Borrowing costs that are attributable to the acquisition or construction of qualifying assets are capitalized as part of the cost of such asset. A qualifying asset is one that requires substantial period of time to get ready for its intended use. All other borrowing costs are charged to revenue.

12. Leases

Assets taken on finance lease are capitalized at the inception of the lease at the lower of the fair value or the present value of minimum lease payments and a liability is created for an equivalent amount. Each lease rental paid is allocated between the liability and interest cost, so as to obtain a constant periodic rate of interest on outstanding liability for each period.

Operating leases in respect of office & other equipment, house for employees, Office buildings are cancelable / renewable by mutual consent on agreed terms. Lease payments under an operating lease are recognized as an expense in the Profit and Loss Account.
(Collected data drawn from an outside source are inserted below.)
(* Assume the standing setting and Assumptions (A1), (A2), (A3) described in the context, and let $\xi\in L^2_{\mathcal{F}_{N-1}}(\Omega;\mathbb{R}^n)$. A control $u^*=\{u_k^*\}_{k\in\mathcal{T}}\in\mathcal{U}$ is optimal for the terminal state $\xi$ (i.e. $\mathcal{J}(N,\xi;u^* )=\inf_{u\in\mathcal{U}}\mathcal{J}(N,\xi;u)$) if and only if there exists a pair of square-integrable processes $(x^*,y^* )=(x_k^*,y_k^* )_{k=0}^N$ satisfying the Hamiltonian system $x_{k+1}^*=A_k^\top x_k^*+Q_k\mathbb{E}_{k-1}[y_{k+1}^*]+S_k^\top u_k^*+\eta_k+C_k^\top x_k^*\omega_k$, $y_k^*=A_k\mathbb{E}_{k-1}[y_{k+1}^*]+B_ku_k^*+C_k\mathbb{E}_{k-1}[y_{k+1}^*\omega_k]+q_k$, for $k\in\mathcal{T}$, $x_0^*=G_0y_0^*$, $y_N^*=\xi$, together with the stationarity condition $B_k^\top x_k^*+S_k\mathbb{E}_{k-1}[y_{k+1}^*]+R_ku_k^*+\rho_k=0$ for all $k\in\mathcal{T}$.
   Context: Fix integers $N\ge 1$, $n,m\ge1$, $\mathcal{T}=\{0,\dots,N-1\}$. $(\Omega,\mathcal{F},\mathbb{P})$ complete with scalar sequence $\{\omega_k\}_{k\in\mathcal{T}}$, $\mathcal{F}_k=\sigma\{\omega_0,\dots,\omega_k\}$ (completed), $\mathcal{F}_{-1}$ trivial, $\mathbb{E}[\omega_k\mid\mathcal{F}_{k-1}]=0$, $\mathbb{E}[\omega_k^2\mid\mathcal{F}_{k-1}]=1$. $\mathbb{E}_{k-1}[\cdot]=\mathbb{E}[\cdot\mid\mathcal{F}_{k-1}]$. $L^2_{\mathcal{F}_{N-1}}(\Omega;\mathbb{R}^n)$ = square-integrable $\mathcal{F}_{N-1}$-measurable vectors; $L^2_{\mathbb{F}}(\mathcal{T};\mathbb{R}^d)$ = processes $(h_k)_{k\in\mathcal{T}}$, $h_k$ $\mathcal{F}_{k-1}$-measurable, $\mathbb{E}\sum|h_k|^2<\infty$. $\mathcal{U}=L^2_{\mathbb{F}}(\mathcal{T};\mathbb{R}^m)$. (A1): $A_k,C_k\in\mathbb{R}^{n\times n}$, $B_k\in\mathbb{R}^{n\times m}$ deterministic; $q\in L^2_{\mathbb{F}}(\mathcal{T};\mathbb{R}^n)$. (A2): $G_0\in\mathbb{S}^n$, $Q_k\in\mathbb{S}^n$, $R_k\in\mathbb{S}^m$, $S_k\in\mathbb{R}^{m\times n}$ deterministic; $\eta\in L^2_{\mathbb{F}}(\mathcal{T};\mathbb{R}^n)$, $\rho\in L^2_{\mathbb{F}}(\mathcal{T};\mathbb{R}^m)$. (A3): $G_0\ge0$, $R_k$ uniformly positive definite ($R_k\ge\delta I$ for some $\delta>0$), and $Q_k-S_k^\top R_k^{-1}S_k\ge0$ for all $k\in\mathcal{T}$. State equation: $y_k=A_k\mathbb{E}_{k-1}[y_{k+1}]+B_ku_k+C_k\mathbb{E}_{k-1}[y_{k+1}\omega_k]+q_k$ ($k\in\mathcal{T}$), $y_N=\xi$, with unique adapted square-integrable solution $y^{(\xi,u)}$. Cost: $\mathcal{J}(N,\xi;u)=\frac12\mathbb{E}\{\langle G_0y_0,y_0\rangle+\sum_{k=0}^{N-1}[\langle Q_k\bar y_k,\bar y_k\rangle+2\langle S_k\bar y_k,u_k\rangle+\langle R_ku_k,u_k\rangle+2\langle\eta_k,\bar y_k\rangle+2\langle\rho_k,u_k\rangle]\}$, $\bar y_k=\mathbb{E}_{k-1}[y_{k+1}]$, $y=y^{(\xi,u)}$. *)

theory Defs
  imports "HOL-Probability.Probability"
begin

text \<open>We write filt M w j for the
(completed) sigma-algebra F_(j-1) generated by w_0,...,w_(j-1) together with the
M-null sets; hence filt M w 0 is the completed trivial sigma-algebra F_(-1),
and the conditional expectation E_(k-1) is taken w.r.t. filt M w k.\<close>

definition filt :: "'a measure \<Rightarrow> (nat \<Rightarrow> 'a \<Rightarrow> real) \<Rightarrow> nat \<Rightarrow> 'a measure" where
  "filt M w j = sigma (space M)
     ({w i -` B \<inter> space M | i B. i < j \<and> B \<in> sets borel} \<union> null_sets M)"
13. Earnings per Share (EPS)

In arriving at the EPS, the Companys net profit after tax, computed in terms of the Indian GAAP, is divided by the weighted average number of equity shares outstanding on the last day of the reporting period. The EPS thus arrived at is known as ‘Basic EPS. To arrive at the diluted EPS the net profit after tax, referred above, is divided by the weighted average number of equity shares, as computed above and the weighted average number of equity share that could have been issued on conversion of shares having potential dilutive effect subject to the terms of issue of those potential shares. The date/s of issue of such potential shares determine the amount of the weighted average number potential equity shares.

14. Taxation

i) Current Tax

Provision for Current tax is made based on the liability computed in accordance with the relevant tax rates and provisions of Income Tax Act, 1961.

ii) Deferred Taxes

Deferred Tax is accounted for by computing the tax effect of timing differences which arise during the year and reverse in subsequent periods. Deferred tax assets are recognized and carried forward only to the extent that there is a reasonable certainty that sufficient future taxable income will be available against which such Deferred Tax Assets can be realized.
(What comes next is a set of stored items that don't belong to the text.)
text \<open>The partial fraction \<open>1/((u+1)(n+u+1)) = (1/(u+1) - 1/(n+u+1))/n\<close> telescopes with lag \<open>n\<close>.\<close>
lemma sum_inverse_tail_products_le:
  assumes "n \<ge> 1"
  shows "(\<Sum>u<N. 1 / (4 * ((real u + 1) * (real n + real u + 1)))) \<le> harm n / (4 * real n)"
proof -
  have partial_fraction: "1 / (4 * ((real u + 1) * (real n + real u + 1)))
     = (1 / (real u + 1) - 1 / (real n + real u + 1)) / (4 * real n)" for u
    using assms by (simp add: divide_simps)
  have "(\<Sum>u<N. 1 / (4 * ((real u + 1) * (real n + real u + 1))))
      = ((\<Sum>u<N. 1 / (real u + 1)) - (\<Sum>u<N. 1 / (real n + real u + 1))) / (4 * real n)"
    unfolding partial_fraction by (simp add: sum_divide_distrib[symmetric] sum_subtractf)
  also have "\<dots> = (harm N - harm (n + N) + harm n) / (4 * real n)"
  proof -
    have "(\<Sum>u<N. 1 / (real u + 1)) = harm N"
      by (simp add: harm_altdef field_simps)
    then show ?thesis by (simp add: sum_inverse_shifted_eq_harm_diff)
  qed
  also have "\<dots> \<le> harm n / (4 * real n)"
    using harm_mono[of N "n + N", where 'a=real] by (intro divide_right_mono) auto
  finally show ?thesis .
qed

lemma sum_inverse_complementary_products_le:
  assumes "n \<ge> 1"
  shows "(\<Sum>u\<in>{1..<n}. 1 / (4 * (real u * (real n - real u)))) \<le> harm n / (2 * real n)"
proof -
  have partial_fraction: "1 / (4 * (real u * (real n - real u)))
     = (1 / real u + 1 / (real n - real u)) / (4 * real n)" if "u \<in> {1..<n}" for u
    using that by (simp add: field_simps)
  have reflect: "(\<Sum>u\<in>{1..<n}. 1 / (real n - real u)) = (\<Sum>u\<in>{1..<n}. 1 / real u)"
    by (rule sum.reindex_bij_witness[where i="\<lambda>u. n - u" and j="\<lambda>u. n - u"]) auto
  have "(\<Sum>u\<in>{1..<n}. 1 / real u) \<le> (\<Sum>u\<in>{1..n}. 1 / real u)"
    by (rule sum_mono2) auto
  then have le_harm: "(\<Sum>u\<in>{1..<n}. 1 / real u) \<le> harm n"
    unfolding harm_def by (simp add: inverse_eq_divide)
  have "(\<Sum>u\<in>{1..<n}. 1 / (4 * (real u * (real n - real u))))
      = ((\<Sum>u\<in>{1..<n}. 1 / real u) + (\<Sum>u\<in>{1..<n}. 1 / (real n - real u))) / (4 * real n)"
    by (simp only: sum.cong[OF refl partial_fraction] sum_divide_distrib[symmetric] sum.distrib)
  also have "\<dots> \<le> (harm n + harm n) / (4 * real n)"
    using le_harm reflect by (intro divide_right_mono) auto
  finally show ?thesis by simp
qed

definition sigma2_index_set :: "nat \<Rightarrow> int set" where
  "sigma2_index_set n = {j. even (j - int n) \<and> j \<noteq> int n \<and> j \<noteq> - int n}"

lemma sigma2_index_set_subset:
  "sigma2_index_set n \<subseteq> range (\<lambda>u. int n + 2 + 2 * int u) \<union> uminus ` range (\<lambda>u. int n + 2 + 2 * int u)
     \<union> (\<lambda>u. int n - 2 * int u) ` {1..<n}"
proof
  fix k assume "k \<in> sigma2_index_set n"
  then have "even (k - int n)" "k \<noteq> int n" "k \<noteq> - int n"
    unfolding sigma2_index_set_def by auto
  moreover from this(1) obtain d where d: "k - int n = 2 * d"
    by (rule evenE)
  ultimately consider "d > 0" | "d < - int n" | "- int n < d \<and> d < 0"
    by linarith
  then show "k \<in> range (\<lambda>u. int n + 2 + 2 * int u) \<union> uminus ` range (\<lambda>u. int n + 2 + 2 * int u)
     \<union> (\<lambda>u. int n - 2 * int u) ` {1..<n}"
  proof cases
    case 1
    then have "k = int n + 2 + 2 * int (nat (d - 1))"
      using d by simp
    then show ?thesis by blast
  next
    case 2
    then have "k = - (int n + 2 + 2 * int (nat (- d - int n - 1)))"
      using d by simp
    then show ?thesis by blast
  next
    case 3
    then have "k = int n - 2 * int (nat (- d))" "nat (- d) \<in> {1..<n}"
      using d by auto
    then show ?thesis by blast
  qed
qed

lemma infsum_inverse_sq_diff_above_le:
  assumes "n \<ge> 1"
  shows "(\<Sum>\<^sub>\<infinity>k\<in>range (\<lambda>u. int n + 2 + 2 * int u). ennreal (1 / \<bar>real_of_int (int n ^ 2 - k ^ 2)\<bar>))
         \<le> ennreal (harm n / (4 * real n))"
proof -
  have "real_of_int (int n ^ 2 - (int n + 2 + 2 * int u) ^ 2)
      = - (4 * ((real u + 1) * (real n + real u + 1)))" for u :: nat
    by (simp add: algebra_simps power2_eq_square)
  moreover have "inj (\<lambda>u. int n + 2 + 2 * int u)"
    by (auto simp: inj_on_def)
  ultimately show ?thesis
    using infsum_nat_ennreal_le[OF _ sum_inverse_tail_products_le[OF assms]]
    by (simp add: infsum_reindex o_def)
qed

lemma infsum_inverse_sq_diff_between_le:
  assumes "n \<ge> 1"
  shows "(\<Sum>\<^sub>\<infinity>k\<in>(\<lambda>u. int n - 2 * int u) ` {1..<n}. ennreal (1 / \<bar>real_of_int (int n ^ 2 - k ^ 2)\<bar>))
         \<le> ennreal (harm n / (2 * real n))"
proof -
  have inj: "inj_on (\<lambda>u. int n - 2 * int u) {1..<n}"
    by (auto simp: inj_on_def)
  define f where "f k = ennreal (1 / \<bar>real_of_int (int n ^ 2 - k ^ 2)\<bar>)" for k :: int
  have factor: "real_of_int (int n ^ 2 - (int n - 2 * int u) ^ 2) = 4 * (real u * (real n - real u))" for u
    by (simp add: algebra_simps power2_eq_square)
  have "(\<Sum>\<^sub>\<infinity>k\<in>(\<lambda>u. int n - 2 * int u) ` {1..<n}. f k) = (\<Sum>u\<in>{1..<n}. f (int n - 2 * int u))"
    using sum.reindex[OF inj, of f] by simp
  also have "\<dots> = (\<Sum>u\<in>{1..<n}. ennreal (1 / (4 * (real u * (real n - real u)))))"
  proof (rule sum.cong)
    fix u assume "u \<in> {1..<n}"
    then have "0 \<le> 4 * (real u * (real n - real u))"
      by simp
    then show "f (int n - 2 * int u) = ennreal (1 / (4 * (real u * (real n - real u))))"
      unfolding f_def factor by simp
  qed simp
  also have "\<dots> = ennreal (\<Sum>u\<in>{1..<n}. 1 / (4 * (real u * (real n - real u))))"
    by (rule sum_ennreal) auto
  also have "\<dots> \<le> ennreal (harm n / (2 * real n))"
    using sum_inverse_complementary_products_le[OF assms] by (rule ennreal_leI)
  finally show ?thesis
    unfolding f_def .
qed

text \<open>The parts of \<open>n + 2\<int>\<close> above \<open>n\<close>, below \<open>-n\<close> and strictly between \<open>-n\<close> and \<open>n\<close>,
  the first two of equal contribution since the summand is even in \<open>k\<close>.\<close>
lemma infsum_inverse_sq_diff_le:
  assumes "n \<ge> 1"
  shows "(\<Sum>\<^sub>\<infinity>k\<in>sigma2_index_set n. ennreal (1 / \<bar>real_of_int (int n ^ 2 - k ^ 2)\<bar>))
         \<le> ennreal (harm n / real n)"
proof -
  define g where "g k = ennreal (1 / \<bar>real_of_int (int n ^ 2 - k ^ 2)\<bar>)" for k :: int
  define Above where "Above = range (\<lambda>u. int n + 2 + 2 * int u)"
  define Between where "Between = (\<lambda>u. int n - 2 * int u) ` {1..<n}"
  have "g \<circ> uminus = g"
    unfolding g_def by (simp add: fun_eq_iff)
  then have below: "infsum g (uminus ` Above) = infsum g Above"
    by (simp add: infsum_reindex inj_on_def)
  have "infsum g (sigma2_index_set n) \<le> infsum g (Above \<union> uminus ` Above \<union> Between)"
    using sigma2_index_set_subset unfolding Above_def Between_def by (rule infsum_mono_set_ennreal)
  also have "\<dots> \<le> infsum g Above + infsum g (uminus ` Above) + infsum g Between"
    by (meson add_right_mono infsum_Un_le_ennreal order_trans)
  also have "\<dots> \<le> ennreal (harm n / (4 * real n)) + ennreal (harm n / (4 * real n))
                    + ennreal (harm n / (2 * real n))"
    unfolding below unfolding g_def Above_def Between_def
    by (intro add_mono infsum_inverse_sq_diff_above_le infsum_inverse_sq_diff_between_le assms)
  also have "\<dots> = ennreal (harm n / real n)"
    by (simp add: ennreal_plus[symmetric] harm_nonneg del: ennreal_plus)
  finally show ?thesis
    unfolding g_def .
qed

lemma rr_nonneg: "rr w x \<ge> 0"
  unfolding rr_def by (simp add: le_max_iff_disj)

lemma rr_uminus: "rr w (- x) = rr w x"
  unfolding rr_def by auto

lemma infsum_rr_sq_shift_le_l2sq:
  assumes "\<And>j. j \<in> A \<Longrightarrow> even (a + j)"
  shows "(\<Sum>\<^sub>\<infinity>j\<in>A. ennreal ((rr w (a + j))\<^sup>2)) \<le> l2sq w"
proof -
  have "(\<Sum>\<^sub>\<infinity>j\<in>A. ennreal ((rr w (a + j))\<^sup>2)) = (\<Sum>\<^sub>\<infinity>x\<in>(+) a ` A. ennreal ((rr w x)\<^sup>2))"
    by (simp add: infsum_reindex inj_on_def o_def)
  also have "\<dots> \<le> l2sq w"
    unfolding l2sq_def by (rule infsum_mono_set_ennreal) (use assms in auto)
  finally show ?thesis .
qed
15. Impairment of Fixed Assets

The carrying amount of assets, other than inventories is reviewed at each balance sheet date to determine whether there is any indication of impairment. If any such indication exists, the recoverable amount of the assets is estimated. The recoverable amount is the greater of the assets net selling price and value in use which is determined based on the estimated future cash flow discounted to their present values. An impairment loss is recognized whenever the carrying amount of an asset or its cash generating unit exceeds its recoverable amount. Impairment loss is reversed if there has been a change in the estimates used to determine the recoverable amount.

16. Provisions for Contingent Liabilities and Contingent Assets

Provisions involving substantial degree of estimation in measurement are recognized when there is a present obligation as a result of past events and it is probable that there will be an outflow of resources.
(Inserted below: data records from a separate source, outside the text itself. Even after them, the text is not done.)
(* Let $X$ be a locally compact Hausdorff space. If $X$ contains an open dense $\sigma$-compact set and $C_0(X)$ has the countable sup property, then $X$ is CCC.
   Context: $C_0(X)$ is the vector lattice (pointwise order) of continuous real-valued functions on $X$ vanishing at infinity. A vector lattice has the countable sup property if every nonempty subset possessing a supremum contains a countable subset with the same supremum. $X$ is CCC if every family of pairwise disjoint open subsets of $X$ is countable. *)

theory Defs
  imports "HOL-Analysis.Analysis"
begin

text \<open>Functions are taken extensional (zero outside topspace X) so that each element
  of C_0(X) is represented uniquely.\<close>
definition C0 :: "'a topology \<Rightarrow> ('a \<Rightarrow> real) set" where
  "C0 X = {f. continuous_map X euclideanreal f
              \<and> (\<forall>e>0. compactin X {x \<in> topspace X. \<bar>f x\<bar> \<ge> e})
              \<and> (\<forall>x. x \<notin> topspace X \<longrightarrow> f x = 0)}"

definition C0_le :: "'a topology \<Rightarrow> ('a \<Rightarrow> real) \<Rightarrow> ('a \<Rightarrow> real) \<Rightarrow> bool" where
  "C0_le X f g \<longleftrightarrow> (\<forall>x\<in>topspace X. f x \<le> g x)"

definition C0_is_sup :: "'a topology \<Rightarrow> ('a \<Rightarrow> real) set \<Rightarrow> ('a \<Rightarrow> real) \<Rightarrow> bool" where
  "C0_is_sup X S g \<longleftrightarrow> g \<in> C0 X \<and> (\<forall>f\<in>S. C0_le X f g)
     \<and> (\<forall>h\<in>C0 X. (\<forall>f\<in>S. C0_le X f h) \<longrightarrow> C0_le X g h)"

definition countable_sup_property_C0 :: "'a topology \<Rightarrow> bool" where
  "countable_sup_property_C0 X \<longleftrightarrow>
     (\<forall>S g. S \<subseteq> C0 X \<and> S \<noteq> {} \<and> C0_is_sup X S g \<longrightarrow>
        (\<exists>T\<subseteq>S. countable T \<and> C0_is_sup X T g))"

definition CCC_space :: "'a topology \<Rightarrow> bool" where
  "CCC_space X \<longleftrightarrow>
     (\<forall>F. (\<forall>U\<in>F. openin X U) \<and> pairwise disjnt F \<longrightarrow> countable F)"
Contingent liabilities are present obligations arising from a past event, when it is not probable / probability is remote that an outflow of resources will be required to settle the obligation and they are not recognized but are disclosed in the notes.

Contingent Assets are neither recognized nor disclosed in the financial statements. Provisions for Contingent Liabilities and Contingent Assets are reviewed at each Balance Sheet date.